[Information supplied Boundary: Start]

lemma map_coface_inv_in_face_union:
  assumes "\<sigma> \<in> simp (face_union n F) m" "i \<notin> set \<sigma>" "i \<le> n" "i \<notin> F" "F \<subseteq> {..n}"
  shows "map (coface_inv i) \<sigma> \<in> simp (face_union (n - 1) {j. j < n \<and> coface i j \<in> F}) m"
proof -
  obtain j where j: "j \<in> F" "j \<notin> set \<sigma>"
    using assms(1) by (auto simp: simp_face_union)
  then have "j \<le> n" "j \<noteq> i"
    using assms(4,5) by auto
  then have "coface_inv i j \<in> {j. j < n \<and> coface i j \<in> F}"
    using assms(3) j(1) coface_coface_inv by (auto simp: coface_inv_def)
  moreover have "coface_inv i j \<notin> coface_inv i ` set \<sigma>"
    using j assms(2) \<open>j \<noteq> i\<close> by (subst inj_on_image_mem_iff[OF inj_on_coface_inv]) auto
  ultimately show ?thesis
    using assms map_coface_inv_in_Delta by (fastforce simp: simp_face_union)
qed

definition face_glue ::
    "nat set \<Rightarrow> nat \<Rightarrow> (nat \<Rightarrow> nat list \<Rightarrow> 'a) \<Rightarrow> (nat \<Rightarrow> nat list \<Rightarrow> 'a) \<Rightarrow> nat \<Rightarrow> nat list \<Rightarrow> 'a" where
  "face_glue F i g k m \<sigma> = (if \<exists>j\<in>F. j \<notin> set \<sigma> then g m \<sigma> else k m (map (coface_inv i) \<sigma>))"

lemma face_glue_eq_face:
  assumes "\<sigma> \<in> simp (Delta n) m" "i \<notin> set \<sigma>" "i \<le> n" "i \<notin> F" "F \<subseteq> {..n}"
    and agree: "\<forall>m. \<forall>\<tau>\<in>simp (face_union (n - 1) {j. j < n \<and> coface i j \<in> F}) m.
                  k m \<tau> = g m (map (coface i) \<tau>)"
  shows "face_glue F i g k m \<sigma> = k m (map (coface_inv i) \<sigma>)"
proof (cases "\<exists>j\<in>F. j \<notin> set \<sigma>")
  case True
  then have "\<sigma> \<in> simp (face_union n F) m"
    using assms(1) by (simp add: simp_face_union)
  then have "map (coface_inv i) \<sigma> \<in> simp (face_union (n - 1) {j. j < n \<and> coface i j \<in> F}) m"
    using map_coface_inv_in_face_union assms(2-5) by blast
  then have "k m (map (coface_inv i) \<sigma>) = g m \<sigma>"
    using agree map_coface_coface_inv[OF assms(2)] by simp
  then show ?thesis
    using True by (simp add: face_glue_def)
qed (simp add: face_glue_def)
(* Let $X$ be a Polish space and $\lambda$ a probability measure on $X$. Let ${\mathbf T}$ be a thinning kernel of type 2 with weights $(t_{n,j})$ satisfying $t_{m,m}>0$ for all $m\ge0$, and normalizations $Z_m$. Let $(p_n)_{n\in\mathbb N_0}$ be non-negative numbers with $\Xi=\sum_{n\ge0}p_n/n!\in(0,\infty)$ and such that $p_{n_0}=0$ implies $p_n=0$ for all $n\ge n_0$. Let ${\mathsf P}$ be the mixed sample process $${\mathsf P}(\phi)=\frac1\Xi\sum_{n\ge0}\frac{p_n}{n!}\int\phi(\delta_{x_1}+\dots+\delta_{x_n})\,\lambda^n(\mathrm dx_1,\dots,\mathrm dx_n).$$ Then for all non-negative measurable $g$ on $X\times\mathcal M_f(X)$, $$\iint g(x,\mu)\,\delta(\mu,x)\,\mu(\mathrm dx)\,{\mathsf P}(\mathrm d\mu)=\iint g(x,\mu+\delta_x)\,\pi(\mu,\mathrm dx)\,{\mathsf P}(\mathrm d\mu).$$ Here, for ${\mathsf P}$-a.e. $\mu$ with $\mu(X)=m$, $$\pi(\mu,\mathrm dx)=\frac{Z_{m+1}}{Z_m}\,\frac{t_{m+1,m}}{t_{m,m}}\,\frac{p_{m+1}}{p_m}\,\lambda(\mathrm dx),\qquad\delta(\mu,x)=\frac{Z_m}{Z_{m-1}}\cdot\frac{t_{m,m-1}}{t_{m-1,m-1}}.$$
   Context: $\mathcal M_f(X)$ denotes the set of finite counting measures on $X$, and $|\mu|=\mu(X)$. $\mu^{-[m]}$ is the $m$-th falling factorial measure of $\mu$, defined by $\int g\,\mathrm d\mu^{-[m]}=\int\cdots\int g(y_1,\dots,y_m)(\mu-\delta_{y_1}-\dots-\delta_{y_{m-1}})(\mathrm dy_m)\cdots\mu(\mathrm dy_1)$. Write $\delta_{\mathbf y}=\delta_{y_1}+\dots+\delta_{y_m}$. A thinning kernel of type 2 is given by non-negative numbers $(t_{n,j})_{0\le j\le n}$ via $${\mathbf T}_\mu(\phi)=Z_\mu\sum_{m\ge0}\frac{t_{|\mu|,m}}{m!}\int\phi(\delta_{\mathbf y})\,\mu^{-[m]}(\mathrm d{\mathbf y}),\qquad Z_\mu^{-1}=\sum_{j=0}^{|\mu|}\binom{|\mu|}{j}t_{|\mu|,j}.$$ Since $Z_\mu$ depends only on $|\mu|=m$, it is written $Z_m$. *)

theory Defs
  imports "HOL-Probability.Probability" "HOL-Library.Multiset"
begin

text \<open>Finite counting measures on X are represented by multisets over X.
  The sigma-algebra on M_f(X) is the standard one generated by the maps
  mu |-> mu(B), B measurable.\<close>
definition mset_measure :: "'a measure \<Rightarrow> 'a multiset measure" where
  "mset_measure M = sigma UNIV
     {{\<mu>. size (filter_mset (\<lambda>x. x \<in> B) \<mu>) = k} | B k. B \<in> sets M}"

definition Zn :: "(nat \<Rightarrow> nat \<Rightarrow> real) \<Rightarrow> nat \<Rightarrow> real" where
  "Zn t m = 1 / (\<Sum>j\<le>m. real (m choose j) * t m j)"

definition mixed_sample ::
  "'a measure \<Rightarrow> (nat \<Rightarrow> real) \<Rightarrow> ('a multiset \<Rightarrow> ennreal) \<Rightarrow> ennreal" where
  "mixed_sample L p \<phi> =
     (\<Sum>n. ennreal (p n / (fact n * (\<Sum>k. p k / fact k))) *
          (\<integral>\<^sup>+ xs. \<phi> (mset (map xs [0..<n])) \<partial>(PiM {..<n} (\<lambda>_. L))))"

text \<open>Density of pi(mu, dx) w.r.t. lambda, for |mu| = m (p m > 0).\<close>
definition pi_dens :: "(nat \<Rightarrow> nat \<Rightarrow> real) \<Rightarrow> (nat \<Rightarrow> real) \<Rightarrow> nat \<Rightarrow> real" where
  "pi_dens t p m = Zn t (m + 1) / Zn t m * (t (m + 1) m / t m m) * (p (m + 1) / p m)"

definition delta_fn :: "(nat \<Rightarrow> nat \<Rightarrow> real) \<Rightarrow> nat \<Rightarrow> real" where
  "delta_fn t m = Zn t m / Zn t (m - 1) * (t m (m - 1) / t (m - 1) (m - 1))"

end

theory Submission
  imports Defs
begin

text \<open>The mixed sample process is a mixture over the sample size n, so the identity can be checked
  size by size. For an i.i.d. sample x of size m+1, summing a function over the points of the
  sample and integrating is, by exchangeability of the coordinates and Fubini, the same as
  m+1 times integrating over a sample of size m with one independent extra point added (the
  Mecke identity of a binomial process). It therefore suffices that the mixture weights balance:
  (p_(m+1) / (m+1)!) (m+1) delta(m+1) = (p_m / m!) pi(m), which is immediate from the definitions
  of delta and pi; when p_m = 0 both sides vanish because then p_(m+1) = 0.\<close>

lemma sum_mset_image_mset_map_upt:
  "(\<Sum>\<^sub># (image_mset f (mset (map xs [0..<n])))) = (\<Sum>i<n. f (xs i))"
  by (induction n) (auto simp: add.commute)

lemma mset_map_upt_fun_upd:
  "mset (map (xs(m := y)) [0..<Suc m]) = add_mset y (mset (map xs [0..<m]))"
proof -
  have "map (xs(m := y)) [0..<m] = map xs [0..<m]" by (rule map_cong) auto
  then show ?thesis by simp
qed

lemma mset_map_upt_reindex:
  assumes "bij_betw \<sigma> {..<n} {..<n}"
  shows "mset (map (\<lambda>k. xs (\<sigma> k)) [0..<n]) = mset (map xs [0..<n])"
proof -
  have "mset (map (\<lambda>k. xs (\<sigma> k)) [0..<n]) = image_mset xs (image_mset \<sigma> (mset_set {..<n}))"
    by (simp add: atLeast0LessThan multiset.map_comp o_def)
  also have "image_mset \<sigma> (mset_set {..<n}) = mset_set {..<n}"
    using assms by (simp add: image_mset_mset_set bij_betw_def)
  finally show ?thesis by (simp add: atLeast0LessThan)
qed

lemma measurable_mset_map_upt:
  assumes "{..<n} \<subseteq> I"
  shows "(\<lambda>xs. mset (map xs [0..<n])) \<in> PiM I (\<lambda>_. M) \<rightarrow>\<^sub>M mset_measure M"
  unfolding mset_measure_def
proof (rule measurable_measure_of)
  fix A assume "A \<in> {{\<mu>. size (filter_mset (\<lambda>x. x \<in> B) \<mu>) = k} | B k. B \<in> sets M}"
  then obtain B k where A: "A = {\<mu>. size (filter_mset (\<lambda>x. x \<in> B) \<mu>) = k}" and B: "B \<in> sets M"
    by blast
  have count: "real (size (filter_mset (\<lambda>x. x \<in> B) (mset (map xs [0..<n]))))
      = (\<Sum>i<n. if xs i \<in> B then 1 else 0)" for xs
    by (induction n) auto
  have "(\<lambda>xs. mset (map xs [0..<n])) -` A \<inter> space (PiM I (\<lambda>_. M))
      = {xs \<in> space (PiM I (\<lambda>_. M)). (\<Sum>i<n. if xs i \<in> B then 1 else 0) = real k}"
    unfolding A by (auto simp flip: count)
  also have "\<dots> \<in> sets (PiM I (\<lambda>_. M))"
  proof -
    have "(\<lambda>xs. \<Sum>i<n. if xs i \<in> B then 1 else 0 :: real) \<in> borel_measurable (PiM I (\<lambda>_. M))"
      using assms B by (intro borel_measurable_sum) (auto intro!: measurable_If_set)
    then show ?thesis by measurable
  qed
  finally show "(\<lambda>xs. mset (map xs [0..<n])) -` A \<inter> space (PiM I (\<lambda>_. M)) \<in> sets (PiM I (\<lambda>_. M))" .
qed auto

lemma measurable_component_mset_map_upt:
  assumes "h \<in> borel_measurable (M \<Otimes>\<^sub>M mset_measure M)" and "j \<in> I" and "{..<n} \<subseteq> I"
  shows "(\<lambda>xs. h (xs j, mset (map xs [0..<n]))) \<in> borel_measurable (PiM I (\<lambda>_. M))"
  using assms(1)
  by (rule measurable_compose[OF measurable_Pair[OF
        measurable_component_singleton[OF assms(2)] measurable_mset_map_upt[OF assms(3)]]])

lemma measurable_nn_integral_add_mset:
  assumes "prob_space L" and h: "h \<in> borel_measurable (L \<Otimes>\<^sub>M mset_measure L)"
  shows "(\<lambda>xs. \<integral>\<^sup>+ y. h (y, add_mset y (mset (map xs [0..<m]))) \<partial>L)
           \<in> borel_measurable (PiM {..<m} (\<lambda>_. L))"
proof -
  interpret sigma_finite_measure L
    using assms(1) by (simp add: prob_space_imp_sigma_finite)
  define F where "F xs = h (xs m, mset (map xs [0..<Suc m]))" for xs
  have "F \<in> borel_measurable (PiM (insert m {..<m}) (\<lambda>_. L))"
    unfolding F_def by (rule measurable_component_mset_map_upt[OF h]) auto
  then have "(\<lambda>(xs, y). F (xs(m := y))) \<in> borel_measurable (PiM {..<m} (\<lambda>_. L) \<Otimes>\<^sub>M L)"
    using measurable_compose[OF measurable_add_dim] by (simp add: case_prod_beta')
  then have "(\<lambda>(xs, y). h (y, add_mset y (mset (map xs [0..<m]))))
               \<in> borel_measurable (PiM {..<m} (\<lambda>_. L) \<Otimes>\<^sub>M L)"
    by (simp add: F_def mset_map_upt_fun_upd)
  then show ?thesis by (rule borel_measurable_nn_integral)
qed

lemma nn_integral_PiM_swap_component:
  assumes L: "prob_space L" and h: "h \<in> borel_measurable (L \<Otimes>\<^sub>M mset_measure L)"
    and "i < Suc m"
  shows "(\<integral>\<^sup>+ xs. h (xs i, mset (map xs [0..<Suc m])) \<partial>PiM {..<Suc m} (\<lambda>_. L))
       = (\<integral>\<^sup>+ xs. h (xs m, mset (map xs [0..<Suc m])) \<partial>PiM {..<Suc m} (\<lambda>_. L))"
proof -
  define I where "I = {..<Suc m}"
  define \<sigma> where "\<sigma> = Transposition.transpose i m"
  define \<tau> where "\<tau> xs = (\<lambda>k\<in>I. xs (\<sigma> k))" for xs :: "nat \<Rightarrow> 'a"
  have bij: "bij_betw \<sigma> I I"
    unfolding \<sigma>_def I_def using assms(3) by (intro bij_betw_transpose_iff) auto
  have distr: "distr (PiM I (\<lambda>_. L)) (PiM I (\<lambda>_. L)) \<tau> = PiM I (\<lambda>_. L)"
    unfolding \<tau>_def using distr_PiM_reindex[of I "\<lambda>_. L" \<sigma> I] L bij by (auto simp: bij_betw_def)
  have \<tau>: "\<tau> \<in> PiM I (\<lambda>_. L) \<rightarrow>\<^sub>M PiM I (\<lambda>_. L)"
    unfolding \<tau>_def using bij
    by (intro measurable_restrict measurable_component_singleton) (auto simp: bij_betw_def)
  have \<tau>_eq: "h (\<tau> xs m, mset (map (\<tau> xs) [0..<Suc m])) = h (xs i, mset (map xs [0..<Suc m]))" for xs
  proof -
    have "map (\<tau> xs) [0..<Suc m] = map (\<lambda>k. xs (\<sigma> k)) [0..<Suc m]"
      by (auto simp: \<tau>_def I_def)
    moreover have "\<tau> xs m = xs i"
      by (simp add: \<tau>_def I_def \<sigma>_def)
    moreover have "bij_betw \<sigma> {..<Suc m} {..<Suc m}"
      using bij by (simp only: I_def)
    ultimately show ?thesis
      by (simp only: mset_map_upt_reindex)
  qed
  have "(\<integral>\<^sup>+ xs. h (xs m, mset (map xs [0..<Suc m])) \<partial>PiM I (\<lambda>_. L))
      = (\<integral>\<^sup>+ xs. h (xs m, mset (map xs [0..<Suc m])) \<partial>distr (PiM I (\<lambda>_. L)) (PiM I (\<lambda>_. L)) \<tau>)"
    by (simp only: distr)
  also have "\<dots> = (\<integral>\<^sup>+ xs. h (\<tau> xs m, mset (map (\<tau> xs) [0..<Suc m])) \<partial>PiM I (\<lambda>_. L))"
    by (rule nn_integral_distr[OF \<tau>]) (unfold distr, rule measurable_component_mset_map_upt[OF h], auto simp: I_def)
  finally show ?thesis
    by (simp only: \<tau>_eq I_def)
qed
(* Let $X$ be a separable Banach space such that $X^\ast$ is non-separable, let $\mathcal{T}$ be a downwards-closed subtree of $\Omega$, and let $\varrho\in(0,1)$. Then there exist families $(x_t)_{t\in\mathcal{T}}\subseteq(1+\varrho)B_X$ and $(x_t^\ast)_{t\in\overline{\mathcal{T}}}\subseteq(1+\varrho)B_{X^\ast}$ such that $$\langle x_t^\ast,x_s\rangle=\begin{cases}1,&s\sqsubseteq' t\\0,&s\not\sqsubseteq' t\end{cases}\qquad(s\in\mathcal{T},\ t\in\overline{\mathcal{T}}),$$ and the map $t\mapsto x_t^\ast$ from $\overline{\mathcal{T}}$ (coarse wedge topology) to $(1+\varrho)B_{X^\ast}$ (weak$^\ast$ topology) is continuous.
   Context: $B_X$, $B_{X^\ast}$ are closed unit balls. $\Omega$ denotes the set of all finite (possibly empty) sequences of natural numbers, ordered by $s\sqsubseteq t$ iff $s$ is an initial segment of $t$; $\mathcal{T}\subseteq\Omega$ is downwards closed if $t\in\mathcal{T}$, $s\sqsubseteq t$ imply $s\in\mathcal{T}$. $\partial\mathcal{T}$ is the set of infinite branches (infinite maximal totally ordered subsets) of $\mathcal{T}$ and $\overline{\mathcal{T}}=\mathcal{T}\cup\partial\mathcal{T}$, ordered by $s\sqsubseteq' t$ iff ($s,t\in\Omega$, $s\sqsubseteq t$) or ($s\in\Omega$, $t\in\partial\mathcal{T}$, $s\in t$) or ($s=t\in\partial\mathcal{T}$). The coarse wedge topology on $\overline{\mathcal{T}}$ is generated by the subbase of sets $\{u\in\overline{\mathcal{T}}:t\sqsubseteq' u\}$ and their complements, $t\in\mathcal{T}$. *)

theory Defs
  imports "HOL-Analysis.Analysis" "HOL-Library.Sublist"
begin

text \<open>Omega = nat list, ordered by prefix. A subtree is a prefix-closed set.\<close>
definition downwards_closed :: "nat list set \<Rightarrow> bool" where
  "downwards_closed T \<longleftrightarrow> (\<forall>t s. t \<in> T \<and> prefix s t \<longrightarrow> s \<in> T)"

definition is_chain_in :: "nat list set \<Rightarrow> nat list set \<Rightarrow> bool" where
  "is_chain_in T C \<longleftrightarrow> C \<subseteq> T \<and> (\<forall>s\<in>C. \<forall>t\<in>C. prefix s t \<or> prefix t s)"

definition branches :: "nat list set \<Rightarrow> nat list set set" where
  "branches T = {B. is_chain_in T B \<and> infinite B \<and>
                    (\<forall>C. is_chain_in T C \<and> B \<subseteq> C \<longrightarrow> C = B)}"

text \<open>The completed tree: nodes are Inl t, branches are Inr b.\<close>
definition tree_closure :: "nat list set \<Rightarrow> (nat list + nat list set) set" where
  "tree_closure T = Inl ` T \<union> Inr ` branches T"

fun wedge_le :: "(nat list + nat list set) \<Rightarrow> (nat list + nat list set) \<Rightarrow> bool" where
  "wedge_le (Inl s) (Inl t) = prefix s t"
| "wedge_le (Inl s) (Inr b) = (s \<in> b)"
| "wedge_le (Inr a) (Inr b) = (a = b)"
| "wedge_le (Inr a) (Inl t) = False"

definition coarse_wedge_topology :: "nat list set \<Rightarrow> (nat list + nat list set) topology" where
  "coarse_wedge_topology T =
     subtopology
       (topology_generated_by
          ((\<lambda>t. {u \<in> tree_closure T. wedge_le (Inl t) u}) ` T \<union>
           (\<lambda>t. tree_closure T - {u \<in> tree_closure T. wedge_le (Inl t) u}) ` T))
       (tree_closure T)"

definition weak_star_topology :: "('a::real_normed_vector \<Rightarrow>\<^sub>L real) topology" where
  "weak_star_topology =
     topology_generated_by {{f. blinfun_apply f x \<in> U} | x U. open U}"

end

theory Submission
  imports Defs
begin

text \<open>Non-separability of \<open>X\<^sup>*\<close> gives a set \<open>S\<close> of norm-one functionals in which every member is
  weak-star approximated, on any finite set, by members of \<open>S\<close> at distance almost \<open>1\<close> from any
  prescribed finite-dimensional subspace. Enumerate \<open>\<Omega>\<close> so that parents come first, and choose
  inductively \<open>g\<^sub>n \<in> S\<close> weak-star close to the functional \<open>g\<^sub>p\<close> of the parent, together with a
  biorthogonal system \<open>(z\<^sub>n, x\<^sub>n)\<close> where \<open>z\<^sub>n\<close> is \<open>\<lambda>(g\<^sub>n - g\<^sub>p)\<close> up to a tiny perturbation (finite
  Hahn-Banach arguments make room for \<open>x\<^sub>n\<close>). Then \<open>x\<^sup>*\<^sub>t = \<Sum>\<^sub>r\<^sub>\<sqsubseteq>\<^sub>t z\<^sub>r\<close> telescopes to \<open>\<lambda> g\<^sub>t\<close> plus a small
  error, so its norm is at most \<open>1 + \<rho>\<close>, and \<open>x\<^sup>*\<^sub>t(x\<^sub>s)\<close> is \<open>1\<close> or \<open>0\<close> according as \<open>s \<sqsubseteq> t\<close>.
  Since \<open>z\<^sub>n\<close> is small on the first \<open>n\<close> points of a dense sequence, the partial sums converge
  weak-star along every branch, uniformly in the depth, which yields the branch functionals and
  the continuity for the coarse wedge topology.\<close>

section \<open>Finite-dimensional Hahn-Banach arguments\<close>

lemma extension_constant_exists:
  fixes \<phi> :: "'a::real_normed_vector \<Rightarrow> real"
  assumes lin: "linear \<phi>" and M: "subspace M" and a: "a \<ge> 0"
    and bd: "\<And>m. m \<in> M \<Longrightarrow> \<bar>\<phi> m\<bar> \<le> a * norm m"
  shows "\<exists>c. \<forall>m\<in>M. \<forall>t. \<bar>\<phi> m + t * c\<bar> \<le> a * norm (m + t *\<^sub>R z)"
proof -
  have key: "\<phi> m - a * norm (m - z) \<le> a * norm (m' + z) - \<phi> m'" if "m \<in> M" "m' \<in> M" for m m'
  proof -
    have "\<phi> m + \<phi> m' = \<phi> (m + m')" using lin by (simp add: linear_add)
    also have "\<dots> \<le> a * norm (m + m')" using bd[of "m + m'"] that M by (auto simp: subspace_add)
    also have "\<dots> \<le> a * (norm (m - z) + norm (m' + z))"
      using norm_triangle_ineq[of "m - z" "m' + z"] a by (intro mult_left_mono) auto
    finally show ?thesis by (simp add: algebra_simps)
  qed
  define L where "L = (\<lambda>m. \<phi> m - a * norm (m - z)) ` M"
  define c where "c = Sup L"
  have M0: "0 \<in> M" using M by (simp add: subspace_0)
  have low: "\<phi> m - a * norm (m - z) \<le> c" if "m \<in> M" for m
    unfolding c_def L_def using that key[OF _ M0]
    by (intro cSup_upper bdd_aboveI[of _ "a * norm (0 + z) - \<phi> 0"]) auto
  have up: "c \<le> a * norm (m + z) - \<phi> m" if "m \<in> M" for m
    unfolding c_def L_def using that M0 key by (intro cSup_least) auto
  have hom: "\<phi> (r *\<^sub>R m) = r * \<phi> m" for r m using lin by (simp add: linear_scale)
  have pos: "\<bar>\<phi> m + t * c\<bar> \<le> a * norm (m + t *\<^sub>R z)" if m: "m \<in> M" and t: "t > 0" for m t
  proof -
    have mt: "(1/t) *\<^sub>R m \<in> M" "(-1/t) *\<^sub>R m \<in> M" using m M by (auto simp: subspace_scale subspace_neg)
    have "(1/t) *\<^sub>R m + z = (1/t) *\<^sub>R (m + t *\<^sub>R z)" "(-1/t) *\<^sub>R m - z = (-1/t) *\<^sub>R (m + t *\<^sub>R z)"
      using t by (simp_all add: algebra_simps)
    hence "norm ((1/t) *\<^sub>R m + z) = norm (m + t *\<^sub>R z) / t"
      "norm ((-1/t) *\<^sub>R m - z) = norm (m + t *\<^sub>R z) / t" using t by simp_all
    hence "c \<le> a * (norm (m + t *\<^sub>R z) / t) - \<phi> m / t"
      "- \<phi> m / t - a * (norm (m + t *\<^sub>R z) / t) \<le> c"
      using up[OF mt(1)] low[OF mt(2)] hom[of "1/t" m] hom[of "-1/t" m] by simp_all
    hence "t * c \<le> a * norm (m + t *\<^sub>R z) - \<phi> m" "- \<phi> m - a * norm (m + t *\<^sub>R z) \<le> t * c"
      using t by (simp_all add: field_simps)
    thus ?thesis by linarith
  qed
  show ?thesis
  proof (intro exI ballI allI)
    fix m and t :: real assume m: "m \<in> M"
    consider "t = 0" | "t > 0" | "t < 0" by linarith
    then show "\<bar>\<phi> m + t * c\<bar> \<le> a * norm (m + t *\<^sub>R z)"
    proof cases
      case 1 thus ?thesis using bd m by simp
    next
      case 2 thus ?thesis using pos m by blast
    next
      case 3
      have "\<bar>\<phi> (-m) + (-t) * c\<bar> \<le> a * norm (-m + (-t) *\<^sub>R z)"
        using pos[of "-m" "-t"] m M 3 by (simp add: subspace_neg)
      moreover have "-m + (-t) *\<^sub>R z = - (m + t *\<^sub>R z)" by simp
      ultimately show ?thesis using hom[of "-1" m] by (simp only: norm_minus_cancel) (simp add: abs_minus_commute)
    qed
  qed
qed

[Information supplied Boundary: End]

→ **Task to complete**
The answer must be every line of the entries that includes the word "measures".

→ **Finished task**
   Context: $\mathcal M_f(X)$ denotes the set of finite counting measures on $X$, and $|\mu|=\mu(X)$. $\mu^{-[m]}$ is the $m$-th falling factorial measure of $\mu$, defined by $\int g\,\mathrm d\mu^{-[m]}=\int\cdots\int g(y_1,\dots,y_m)(\mu-\delta_{y_1}-\dots-\delta_{y_{m-1}})(\mathrm dy_m)\cdots\mu(\mathrm dy_1)$. Write $\delta_{\mathbf y}=\delta_{y_1}+\dots+\delta_{y_m}$. A thinning kernel of type 2 is given by non-negative numbers $(t_{n,j})_{0\le j\le n}$ via $${\mathbf T}_\mu(\phi)=Z_\mu\sum_{m\ge0}\frac{t_{|\mu|,m}}{m!}\int\phi(\delta_{\mathbf y})\,\mu^{-[m]}(\mathrm d{\mathbf y}),\qquad Z_\mu^{-1}=\sum_{j=0}^{|\mu|}\binom{|\mu|}{j}t_{|\mu|,j}.$$ Since $Z_\mu$ depends only on $|\mu|=m$, it is written $Z_m$. *)
text \<open>Finite counting measures on X are represented by multisets over X.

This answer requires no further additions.